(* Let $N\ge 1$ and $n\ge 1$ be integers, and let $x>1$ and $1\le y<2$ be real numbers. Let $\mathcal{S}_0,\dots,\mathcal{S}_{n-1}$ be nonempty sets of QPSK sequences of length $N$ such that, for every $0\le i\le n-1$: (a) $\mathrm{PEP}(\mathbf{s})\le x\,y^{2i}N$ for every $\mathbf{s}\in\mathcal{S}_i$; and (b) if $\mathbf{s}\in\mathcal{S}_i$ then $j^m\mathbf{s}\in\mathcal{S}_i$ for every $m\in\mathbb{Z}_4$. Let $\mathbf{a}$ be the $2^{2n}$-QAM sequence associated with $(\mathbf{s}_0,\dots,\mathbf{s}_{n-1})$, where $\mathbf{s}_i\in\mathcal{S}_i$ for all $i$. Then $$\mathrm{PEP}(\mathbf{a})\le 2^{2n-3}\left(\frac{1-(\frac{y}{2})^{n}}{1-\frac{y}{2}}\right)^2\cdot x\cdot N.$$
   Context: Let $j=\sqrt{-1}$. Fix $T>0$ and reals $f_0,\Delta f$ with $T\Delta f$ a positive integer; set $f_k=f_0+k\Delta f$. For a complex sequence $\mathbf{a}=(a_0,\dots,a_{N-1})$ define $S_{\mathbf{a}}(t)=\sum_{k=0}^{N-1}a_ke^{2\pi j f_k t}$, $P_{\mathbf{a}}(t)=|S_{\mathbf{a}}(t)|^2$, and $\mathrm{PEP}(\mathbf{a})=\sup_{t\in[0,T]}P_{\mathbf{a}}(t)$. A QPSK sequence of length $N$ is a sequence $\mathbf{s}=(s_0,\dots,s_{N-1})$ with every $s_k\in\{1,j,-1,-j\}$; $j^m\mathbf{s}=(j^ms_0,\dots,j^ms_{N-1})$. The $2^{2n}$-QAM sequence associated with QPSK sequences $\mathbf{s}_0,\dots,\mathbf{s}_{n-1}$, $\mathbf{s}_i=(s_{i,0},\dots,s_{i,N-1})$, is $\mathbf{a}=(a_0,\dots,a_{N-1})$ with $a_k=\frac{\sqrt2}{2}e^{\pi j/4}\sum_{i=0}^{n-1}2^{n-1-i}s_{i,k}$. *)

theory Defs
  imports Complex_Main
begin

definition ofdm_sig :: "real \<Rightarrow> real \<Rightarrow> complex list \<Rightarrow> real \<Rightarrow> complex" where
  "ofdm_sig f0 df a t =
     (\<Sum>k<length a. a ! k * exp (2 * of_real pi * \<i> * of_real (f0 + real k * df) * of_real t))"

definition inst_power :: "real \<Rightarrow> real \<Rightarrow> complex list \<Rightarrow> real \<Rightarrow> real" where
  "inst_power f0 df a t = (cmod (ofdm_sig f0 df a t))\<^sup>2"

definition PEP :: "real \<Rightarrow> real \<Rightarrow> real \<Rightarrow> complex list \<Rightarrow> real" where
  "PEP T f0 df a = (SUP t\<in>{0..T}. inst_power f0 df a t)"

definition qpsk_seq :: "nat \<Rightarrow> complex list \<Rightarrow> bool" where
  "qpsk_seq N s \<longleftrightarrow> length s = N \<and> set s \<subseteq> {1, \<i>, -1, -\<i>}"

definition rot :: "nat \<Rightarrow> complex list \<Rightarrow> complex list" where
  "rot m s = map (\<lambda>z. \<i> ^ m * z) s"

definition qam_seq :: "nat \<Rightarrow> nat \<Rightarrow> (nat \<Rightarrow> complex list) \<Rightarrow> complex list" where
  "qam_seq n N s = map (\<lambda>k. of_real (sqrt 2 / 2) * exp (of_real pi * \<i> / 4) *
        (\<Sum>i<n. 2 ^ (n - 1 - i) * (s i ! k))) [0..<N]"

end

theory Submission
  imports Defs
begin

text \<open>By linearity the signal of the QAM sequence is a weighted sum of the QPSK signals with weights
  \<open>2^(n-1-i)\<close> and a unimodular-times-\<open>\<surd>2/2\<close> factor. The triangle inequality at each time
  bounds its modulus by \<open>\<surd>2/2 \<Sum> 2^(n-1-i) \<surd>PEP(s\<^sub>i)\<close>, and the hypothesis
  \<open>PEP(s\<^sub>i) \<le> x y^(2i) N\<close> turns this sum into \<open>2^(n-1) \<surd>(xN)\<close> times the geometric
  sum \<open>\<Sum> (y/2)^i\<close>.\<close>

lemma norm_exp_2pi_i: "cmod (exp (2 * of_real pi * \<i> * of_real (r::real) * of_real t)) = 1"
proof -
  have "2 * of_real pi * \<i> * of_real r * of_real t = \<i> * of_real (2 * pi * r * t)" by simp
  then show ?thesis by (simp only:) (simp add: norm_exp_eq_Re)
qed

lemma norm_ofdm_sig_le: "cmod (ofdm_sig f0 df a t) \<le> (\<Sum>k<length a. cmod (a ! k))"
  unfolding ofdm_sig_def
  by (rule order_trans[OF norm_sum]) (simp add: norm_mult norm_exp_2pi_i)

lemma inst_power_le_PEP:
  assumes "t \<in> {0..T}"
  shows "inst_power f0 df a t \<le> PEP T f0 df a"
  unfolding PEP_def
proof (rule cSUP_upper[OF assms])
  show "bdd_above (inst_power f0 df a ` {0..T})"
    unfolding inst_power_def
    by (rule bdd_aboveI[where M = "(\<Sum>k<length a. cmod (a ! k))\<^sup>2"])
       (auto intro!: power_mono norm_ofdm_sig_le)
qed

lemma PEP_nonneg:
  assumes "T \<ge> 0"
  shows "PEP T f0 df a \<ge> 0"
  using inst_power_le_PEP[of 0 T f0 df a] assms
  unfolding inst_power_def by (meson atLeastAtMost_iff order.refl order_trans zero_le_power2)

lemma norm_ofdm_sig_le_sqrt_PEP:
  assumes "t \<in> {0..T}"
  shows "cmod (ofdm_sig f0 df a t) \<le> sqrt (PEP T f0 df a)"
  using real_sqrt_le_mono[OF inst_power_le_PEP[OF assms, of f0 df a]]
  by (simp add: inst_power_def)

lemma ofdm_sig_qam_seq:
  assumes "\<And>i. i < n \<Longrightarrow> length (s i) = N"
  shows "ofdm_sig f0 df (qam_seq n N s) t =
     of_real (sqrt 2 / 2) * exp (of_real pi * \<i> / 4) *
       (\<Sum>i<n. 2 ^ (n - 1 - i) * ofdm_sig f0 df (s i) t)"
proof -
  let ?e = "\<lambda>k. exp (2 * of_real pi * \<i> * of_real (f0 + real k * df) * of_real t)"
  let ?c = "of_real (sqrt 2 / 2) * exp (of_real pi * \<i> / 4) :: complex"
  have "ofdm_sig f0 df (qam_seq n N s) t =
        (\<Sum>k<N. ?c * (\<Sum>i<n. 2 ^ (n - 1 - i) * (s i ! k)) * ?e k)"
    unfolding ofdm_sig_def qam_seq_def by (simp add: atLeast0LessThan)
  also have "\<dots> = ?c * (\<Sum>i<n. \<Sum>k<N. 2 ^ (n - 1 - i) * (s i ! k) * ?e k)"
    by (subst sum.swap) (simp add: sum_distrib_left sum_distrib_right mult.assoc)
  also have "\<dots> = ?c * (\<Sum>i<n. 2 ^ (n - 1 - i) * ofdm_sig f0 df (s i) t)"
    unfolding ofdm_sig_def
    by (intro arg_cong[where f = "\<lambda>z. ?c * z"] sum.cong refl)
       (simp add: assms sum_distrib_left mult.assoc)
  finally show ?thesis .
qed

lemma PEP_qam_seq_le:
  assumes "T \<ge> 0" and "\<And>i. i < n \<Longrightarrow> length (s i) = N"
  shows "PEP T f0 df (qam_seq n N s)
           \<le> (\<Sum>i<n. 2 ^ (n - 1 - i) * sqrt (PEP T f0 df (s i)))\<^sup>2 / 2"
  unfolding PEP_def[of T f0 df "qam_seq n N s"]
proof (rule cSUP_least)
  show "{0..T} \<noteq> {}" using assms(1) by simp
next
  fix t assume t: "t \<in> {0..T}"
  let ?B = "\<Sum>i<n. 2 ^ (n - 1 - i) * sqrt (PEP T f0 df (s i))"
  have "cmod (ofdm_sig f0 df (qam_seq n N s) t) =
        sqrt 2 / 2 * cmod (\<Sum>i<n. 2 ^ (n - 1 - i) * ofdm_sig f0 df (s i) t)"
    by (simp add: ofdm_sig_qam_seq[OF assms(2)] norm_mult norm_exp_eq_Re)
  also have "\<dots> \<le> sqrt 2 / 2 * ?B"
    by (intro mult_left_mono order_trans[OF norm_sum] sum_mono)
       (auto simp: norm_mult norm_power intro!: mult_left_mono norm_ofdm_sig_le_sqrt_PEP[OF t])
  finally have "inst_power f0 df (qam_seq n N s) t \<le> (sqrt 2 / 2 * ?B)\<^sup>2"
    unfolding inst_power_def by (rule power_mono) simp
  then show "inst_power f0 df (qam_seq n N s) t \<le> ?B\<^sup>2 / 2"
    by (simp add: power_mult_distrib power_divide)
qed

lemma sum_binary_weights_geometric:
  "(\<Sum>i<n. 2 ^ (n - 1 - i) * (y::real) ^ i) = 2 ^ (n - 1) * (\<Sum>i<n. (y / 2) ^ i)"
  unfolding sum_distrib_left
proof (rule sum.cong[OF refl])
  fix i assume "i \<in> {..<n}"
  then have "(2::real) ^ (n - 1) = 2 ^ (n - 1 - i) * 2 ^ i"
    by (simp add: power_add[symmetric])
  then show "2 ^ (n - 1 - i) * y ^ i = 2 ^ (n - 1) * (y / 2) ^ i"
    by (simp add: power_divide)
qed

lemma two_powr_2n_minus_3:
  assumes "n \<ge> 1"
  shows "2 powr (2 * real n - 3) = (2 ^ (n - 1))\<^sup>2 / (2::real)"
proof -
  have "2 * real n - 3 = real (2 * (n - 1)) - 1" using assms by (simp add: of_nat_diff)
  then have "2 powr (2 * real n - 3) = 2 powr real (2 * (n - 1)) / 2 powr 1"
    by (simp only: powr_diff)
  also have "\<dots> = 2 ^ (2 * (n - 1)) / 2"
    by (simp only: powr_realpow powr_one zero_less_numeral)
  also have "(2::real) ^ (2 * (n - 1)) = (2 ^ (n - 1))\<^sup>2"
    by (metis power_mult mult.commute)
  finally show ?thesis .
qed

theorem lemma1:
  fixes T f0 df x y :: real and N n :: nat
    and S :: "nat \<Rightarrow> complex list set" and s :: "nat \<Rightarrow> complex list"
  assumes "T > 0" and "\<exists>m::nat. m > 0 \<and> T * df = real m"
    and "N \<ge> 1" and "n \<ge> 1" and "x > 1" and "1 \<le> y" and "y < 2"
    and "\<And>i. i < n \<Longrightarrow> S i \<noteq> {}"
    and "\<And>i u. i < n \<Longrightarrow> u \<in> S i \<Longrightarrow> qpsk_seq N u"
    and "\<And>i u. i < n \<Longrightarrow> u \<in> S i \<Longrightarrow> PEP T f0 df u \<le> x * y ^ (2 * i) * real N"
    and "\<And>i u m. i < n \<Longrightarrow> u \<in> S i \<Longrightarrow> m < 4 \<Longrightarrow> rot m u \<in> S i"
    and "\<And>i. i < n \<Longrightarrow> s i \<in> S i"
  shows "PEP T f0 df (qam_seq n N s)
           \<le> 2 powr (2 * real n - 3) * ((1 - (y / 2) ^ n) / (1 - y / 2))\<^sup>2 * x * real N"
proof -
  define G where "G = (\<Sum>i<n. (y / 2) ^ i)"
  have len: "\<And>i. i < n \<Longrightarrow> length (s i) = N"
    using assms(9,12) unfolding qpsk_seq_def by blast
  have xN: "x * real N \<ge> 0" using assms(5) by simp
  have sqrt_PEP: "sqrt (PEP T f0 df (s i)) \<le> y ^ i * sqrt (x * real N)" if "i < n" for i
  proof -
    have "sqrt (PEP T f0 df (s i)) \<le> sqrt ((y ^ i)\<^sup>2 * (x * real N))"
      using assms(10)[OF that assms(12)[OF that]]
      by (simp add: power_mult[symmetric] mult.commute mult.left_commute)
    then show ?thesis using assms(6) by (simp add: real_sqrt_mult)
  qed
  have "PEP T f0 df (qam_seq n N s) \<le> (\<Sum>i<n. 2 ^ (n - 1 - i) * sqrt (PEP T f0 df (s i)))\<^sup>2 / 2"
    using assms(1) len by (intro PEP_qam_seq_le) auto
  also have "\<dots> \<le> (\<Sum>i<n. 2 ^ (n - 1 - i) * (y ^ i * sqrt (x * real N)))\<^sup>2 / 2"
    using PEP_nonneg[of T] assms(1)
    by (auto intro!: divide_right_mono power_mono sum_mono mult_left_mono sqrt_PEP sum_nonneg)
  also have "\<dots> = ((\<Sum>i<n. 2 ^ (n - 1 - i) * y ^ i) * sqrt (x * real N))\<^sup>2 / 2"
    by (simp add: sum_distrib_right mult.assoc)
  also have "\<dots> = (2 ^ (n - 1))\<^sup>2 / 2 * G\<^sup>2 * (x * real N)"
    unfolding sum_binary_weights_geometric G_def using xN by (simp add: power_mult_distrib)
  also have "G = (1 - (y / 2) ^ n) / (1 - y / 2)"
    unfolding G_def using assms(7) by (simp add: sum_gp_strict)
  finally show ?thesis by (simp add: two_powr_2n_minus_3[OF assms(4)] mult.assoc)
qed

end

» **Task**: Give the count, and only the count, of lines in these records that hold the string "mathbf".

» **Response to this exercise**: 2